For the data below, give again exactly the lines from the one containing "F w \<longleftrightarrow>" through the one containing "f, rng F f)", both ends included, and no others.
Top of Task input
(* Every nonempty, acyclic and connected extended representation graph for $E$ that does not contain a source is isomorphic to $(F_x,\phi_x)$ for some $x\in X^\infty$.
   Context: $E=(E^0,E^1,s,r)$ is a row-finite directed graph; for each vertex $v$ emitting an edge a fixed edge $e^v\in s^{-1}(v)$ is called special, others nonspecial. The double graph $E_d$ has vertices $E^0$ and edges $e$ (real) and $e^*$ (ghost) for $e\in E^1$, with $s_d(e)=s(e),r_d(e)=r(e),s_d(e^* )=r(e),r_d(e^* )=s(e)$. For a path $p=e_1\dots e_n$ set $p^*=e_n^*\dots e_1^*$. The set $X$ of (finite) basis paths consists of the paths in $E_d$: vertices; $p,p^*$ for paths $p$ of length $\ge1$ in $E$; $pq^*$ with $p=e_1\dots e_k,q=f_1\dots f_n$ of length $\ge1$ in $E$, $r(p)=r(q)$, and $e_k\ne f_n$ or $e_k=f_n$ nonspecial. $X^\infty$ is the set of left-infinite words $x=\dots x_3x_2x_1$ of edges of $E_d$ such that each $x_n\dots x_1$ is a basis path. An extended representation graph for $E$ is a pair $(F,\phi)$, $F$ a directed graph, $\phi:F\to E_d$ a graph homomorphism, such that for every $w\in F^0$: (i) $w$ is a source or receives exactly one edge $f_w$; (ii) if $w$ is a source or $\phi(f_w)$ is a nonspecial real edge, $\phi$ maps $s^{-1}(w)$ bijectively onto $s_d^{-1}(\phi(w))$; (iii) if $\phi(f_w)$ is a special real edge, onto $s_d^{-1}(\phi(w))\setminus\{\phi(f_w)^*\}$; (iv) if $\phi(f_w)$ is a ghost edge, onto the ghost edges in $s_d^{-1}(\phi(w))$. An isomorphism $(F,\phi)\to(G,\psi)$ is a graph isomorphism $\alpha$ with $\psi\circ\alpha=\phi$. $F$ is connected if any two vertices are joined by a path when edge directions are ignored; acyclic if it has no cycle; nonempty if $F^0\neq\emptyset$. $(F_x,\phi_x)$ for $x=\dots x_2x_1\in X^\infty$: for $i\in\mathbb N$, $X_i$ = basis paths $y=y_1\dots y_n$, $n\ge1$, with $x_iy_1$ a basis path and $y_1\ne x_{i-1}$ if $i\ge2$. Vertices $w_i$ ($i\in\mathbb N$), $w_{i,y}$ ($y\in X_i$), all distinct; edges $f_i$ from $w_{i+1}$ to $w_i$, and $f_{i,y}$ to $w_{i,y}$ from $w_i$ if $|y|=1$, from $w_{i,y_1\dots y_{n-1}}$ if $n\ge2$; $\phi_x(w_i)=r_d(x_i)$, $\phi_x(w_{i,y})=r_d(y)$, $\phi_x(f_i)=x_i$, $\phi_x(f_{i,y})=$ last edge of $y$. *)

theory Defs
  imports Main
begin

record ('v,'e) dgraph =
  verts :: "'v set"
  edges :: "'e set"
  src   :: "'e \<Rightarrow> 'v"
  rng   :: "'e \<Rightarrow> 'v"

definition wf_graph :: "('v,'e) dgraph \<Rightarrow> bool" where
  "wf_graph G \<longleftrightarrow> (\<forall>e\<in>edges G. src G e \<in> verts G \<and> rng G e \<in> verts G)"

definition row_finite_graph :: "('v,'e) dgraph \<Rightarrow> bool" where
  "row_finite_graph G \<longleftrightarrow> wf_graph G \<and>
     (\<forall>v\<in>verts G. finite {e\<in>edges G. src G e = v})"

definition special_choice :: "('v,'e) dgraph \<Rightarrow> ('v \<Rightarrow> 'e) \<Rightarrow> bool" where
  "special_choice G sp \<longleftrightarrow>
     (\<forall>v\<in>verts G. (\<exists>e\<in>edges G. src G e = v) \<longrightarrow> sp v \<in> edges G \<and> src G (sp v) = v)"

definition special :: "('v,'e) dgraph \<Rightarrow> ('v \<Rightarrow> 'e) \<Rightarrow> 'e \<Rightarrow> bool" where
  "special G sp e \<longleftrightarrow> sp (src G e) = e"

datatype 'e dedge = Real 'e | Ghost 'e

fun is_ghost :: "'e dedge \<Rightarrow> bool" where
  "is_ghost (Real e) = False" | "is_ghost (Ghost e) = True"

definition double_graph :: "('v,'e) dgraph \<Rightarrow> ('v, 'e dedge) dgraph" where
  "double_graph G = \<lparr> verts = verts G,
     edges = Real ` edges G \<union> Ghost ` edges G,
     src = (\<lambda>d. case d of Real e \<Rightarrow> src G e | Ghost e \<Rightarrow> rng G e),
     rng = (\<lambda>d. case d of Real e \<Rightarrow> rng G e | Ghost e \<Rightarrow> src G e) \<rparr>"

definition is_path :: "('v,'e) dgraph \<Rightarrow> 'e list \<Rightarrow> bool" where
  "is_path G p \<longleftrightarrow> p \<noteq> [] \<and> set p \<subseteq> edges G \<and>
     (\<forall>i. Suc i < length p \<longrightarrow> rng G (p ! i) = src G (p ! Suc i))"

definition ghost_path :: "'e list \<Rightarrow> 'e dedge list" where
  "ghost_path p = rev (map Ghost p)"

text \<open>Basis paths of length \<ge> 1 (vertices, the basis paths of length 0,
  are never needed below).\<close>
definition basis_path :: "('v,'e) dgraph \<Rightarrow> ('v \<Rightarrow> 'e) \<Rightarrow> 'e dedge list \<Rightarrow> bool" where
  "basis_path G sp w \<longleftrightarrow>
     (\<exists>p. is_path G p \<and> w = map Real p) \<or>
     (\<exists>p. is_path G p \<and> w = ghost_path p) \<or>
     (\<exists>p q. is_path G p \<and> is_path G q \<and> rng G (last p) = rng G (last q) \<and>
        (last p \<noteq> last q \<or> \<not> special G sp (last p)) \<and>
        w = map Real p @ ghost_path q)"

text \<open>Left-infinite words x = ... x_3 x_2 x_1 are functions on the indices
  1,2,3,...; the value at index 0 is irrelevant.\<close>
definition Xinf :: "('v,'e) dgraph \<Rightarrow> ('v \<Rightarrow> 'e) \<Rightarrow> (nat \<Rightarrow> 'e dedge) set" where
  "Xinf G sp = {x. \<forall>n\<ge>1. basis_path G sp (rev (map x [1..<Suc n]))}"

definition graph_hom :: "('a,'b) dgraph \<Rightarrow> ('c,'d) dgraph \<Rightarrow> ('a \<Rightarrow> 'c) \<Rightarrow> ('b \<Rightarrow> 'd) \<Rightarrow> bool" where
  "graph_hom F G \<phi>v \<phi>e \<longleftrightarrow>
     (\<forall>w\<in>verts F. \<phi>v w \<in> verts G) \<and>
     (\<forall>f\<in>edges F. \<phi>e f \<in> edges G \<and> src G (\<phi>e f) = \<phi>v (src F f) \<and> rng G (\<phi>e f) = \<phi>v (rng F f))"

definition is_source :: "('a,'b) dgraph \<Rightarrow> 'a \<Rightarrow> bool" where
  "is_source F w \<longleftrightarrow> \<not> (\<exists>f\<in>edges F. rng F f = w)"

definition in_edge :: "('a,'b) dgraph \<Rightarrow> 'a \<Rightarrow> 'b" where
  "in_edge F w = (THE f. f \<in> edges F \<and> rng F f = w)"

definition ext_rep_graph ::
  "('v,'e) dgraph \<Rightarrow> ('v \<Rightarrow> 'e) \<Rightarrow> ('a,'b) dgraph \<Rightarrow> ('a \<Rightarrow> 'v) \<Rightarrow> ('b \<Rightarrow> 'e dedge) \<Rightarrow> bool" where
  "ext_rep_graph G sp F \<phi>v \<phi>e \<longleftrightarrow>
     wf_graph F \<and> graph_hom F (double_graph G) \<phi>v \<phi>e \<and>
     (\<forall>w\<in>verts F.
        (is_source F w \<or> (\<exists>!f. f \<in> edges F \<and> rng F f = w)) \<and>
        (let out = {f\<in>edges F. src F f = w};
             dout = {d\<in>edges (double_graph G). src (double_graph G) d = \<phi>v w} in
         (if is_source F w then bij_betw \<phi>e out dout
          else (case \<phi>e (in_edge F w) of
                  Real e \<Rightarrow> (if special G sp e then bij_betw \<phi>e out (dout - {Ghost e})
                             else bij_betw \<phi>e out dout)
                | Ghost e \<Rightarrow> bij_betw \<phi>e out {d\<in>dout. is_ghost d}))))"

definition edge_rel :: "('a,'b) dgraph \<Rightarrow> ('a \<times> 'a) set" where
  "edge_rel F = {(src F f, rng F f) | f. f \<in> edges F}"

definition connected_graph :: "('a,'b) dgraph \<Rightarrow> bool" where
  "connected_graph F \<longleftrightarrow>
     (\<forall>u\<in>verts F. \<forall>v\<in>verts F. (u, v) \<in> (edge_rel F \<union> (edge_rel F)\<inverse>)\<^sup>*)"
Bottom of Task input
_Problem solution_
  "is_source F w \<longleftrightarrow> \<not> (\<exists>f\<in>edges F. rng F f = w)"

definition in_edge :: "('a,'b) dgraph \<Rightarrow> 'a \<Rightarrow> 'b" where
  "in_edge F w = (THE f. f \<in> edges F \<and> rng F f = w)"

definition ext_rep_graph ::
  "('v,'e) dgraph \<Rightarrow> ('v \<Rightarrow> 'e) \<Rightarrow> ('a,'b) dgraph \<Rightarrow> ('a \<Rightarrow> 'v) \<Rightarrow> ('b \<Rightarrow> 'e dedge) \<Rightarrow> bool" where
  "ext_rep_graph G sp F \<phi>v \<phi>e \<longleftrightarrow>
     wf_graph F \<and> graph_hom F (double_graph G) \<phi>v \<phi>e \<and>
     (\<forall>w\<in>verts F.
        (is_source F w \<or> (\<exists>!f. f \<in> edges F \<and> rng F f = w)) \<and>
        (let out = {f\<in>edges F. src F f = w};
             dout = {d\<in>edges (double_graph G). src (double_graph G) d = \<phi>v w} in
         (if is_source F w then bij_betw \<phi>e out dout
          else (case \<phi>e (in_edge F w) of
                  Real e \<Rightarrow> (if special G sp e then bij_betw \<phi>e out (dout - {Ghost e})
                             else bij_betw \<phi>e out dout)
                | Ghost e \<Rightarrow> bij_betw \<phi>e out {d\<in>dout. is_ghost d}))))"

definition edge_rel :: "('a,'b) dgraph \<Rightarrow> ('a \<times> 'a) set" where
  "edge_rel F = {(src F f, rng F f) | f. f \<in> edges F}"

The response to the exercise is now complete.